@...joodles: Oh. God. I can see it. On the other hand, Spongebob & co are kinda hardcore anyway. I’m pretty sure I have seen Bob in a French maid’s costume. Finding out that he has a pussy and doesn’t shave shouldn’t be that much of a shock.
And you’d have to be blind to not see Patrick’s camel toe.
In Rockabye Bivalve, Spongebob dresses up as a woman to be the scallop’s mother, cause Patrick doesn’t wear a shirt, and there’s a close-up of Patrick and he’s really really hairy. It’s a little disturbing.
Also, Spongebob watches porn on tv in one episode. “Gary! I was just looking for the… sports channel..”
I know this post could be borderline for some people’s workplaces. But, sadly, if this is considered postable, www.myconfinedspace.com is no longer a site I can enjoy in my spare time at work. Thanks AT.
@...Zane:
Shame. I shall miss you… well, actually no I won’t.
Consider this, if a cartoon receding-hairline vagina cartoon has you worried about being fired… maybe you should stick to fucking work during working hours you slack fuck.

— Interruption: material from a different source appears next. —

(* Let $(X,d)$ be a finite metric space with $n$ points, doubling dimension $\dim$, and all inter-point distances greater than $1$; let $1\le k\le n-2$ be an integer, $0<\varepsilon\le\frac13$, $v\in X$, and let $Q$ and $H_Q$ be as constructed in the context. Then $H_Q$ is a $(k,1+3\varepsilon,v)$-vertex-fault-tolerant single-sink spanner for $Q\cup\{v\}$, i.e. for every $S\subseteq Q$ with $|S|\le k$ and every $x\in Q\setminus S$ we have $d_{H_Q\setminus S}(v,x)\le(1+3\varepsilon)d(v,x)$; moreover $H_Q$ has maximum degree $O(\Gamma k)$ and hop-diameter $O(\log n)$ (every $x\in Q$ is joined to $v$ in $H_Q$ by a path of length at most $(1+3\varepsilon)d(v,x)$ with $O(\log n)$ edges).
   Context: The doubling dimension $\dim$ is the smallest $\rho$ such that every ball can be covered by $2^\rho$ balls of half the radius. $B(x,r)=\{y: d(x,y)\le r\}$. A set $Y$ is an $r$-net of a set $U$ if $Y\subseteq U$, every point of $U$ is within distance $r$ of some point of $Y$, and distinct points of $Y$ are at distance $>r$. Let $\Delta=\max_{x,y}d(x,y)$, $\ell=\lceil\log_{1/\varepsilon}\Delta\rceil$, $r_0=1$ and $r_i=\varepsilon^{-i}$ for $i\in\{1,\dots,\ell\}$. Rings: $R_0=\{v\}$ and $R_i=B(v,r_i)\setminus B(v,r_{i-1})$ for $1\le i\le\ell$. For each $i\ge1$ let $N_i$ be an $\varepsilon r_{i-1}$-net of $R_i$, and let $\Gamma=\lceil\varepsilon^{-4\dim}\rceil$. For each $y\in N_i$ the cluster $C_y$ consists of the points $x\in R_i$ whose closest point in $N_i$ is $y$ (ties broken arbitrarily). For each such $y$ choose an arbitrary set of portals $Q_y\subseteq C_y$ with $|Q_y|=\min(k+1,|C_y|)$, and let $Q=\bigcup_{i\ge1}\bigcup_{y\in N_i}Q_y$. Write $Q=\{q_1,\dots,q_m\}$ with $d(v,q_1)\le\cdots\le d(v,q_m)$. For $j\ge1$ let $A_j=\{q_l: (j-1)(k+1)+1\le l\le j(k+1)\}$, let $A_0=\{v\}$ and $A_i=A_0$ for $i<0$. $H_Q$ is the graph on $Q\cup\{v\}$ obtained by, for every $j\ge1$ with $A_j\neq\emptyset$, adding an edge between every point of $A_j$ and every point of $A_{\lceil (j-2\Gamma-1)/2\rceil}$; edge weights are distances $d$. $H\setminus S$ denotes $H$ with vertices of $S$ removed. Implicit constants in $O(\cdot)$ are absolute. *)

theory Defs
  imports "HOL-Analysis.Analysis"
begin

The global economy is going to shit and your worried about surfing MCS at work???
I think that’s Monkey’s subtle way of hinting on me being you, Sticky.
Hey Monkey, it’s not my fault that you say things on here and then you forget all about it.
I can’t remember word for word, but you said something like, “The Internet doesn’t deserve anything but my shitty grammar.”
Or should I call you Immanuel. Or how about HitmanMonkey.
I’m not the one with sock puppet accounts, you are. So stop spreading lies just because you can’t handle the truth.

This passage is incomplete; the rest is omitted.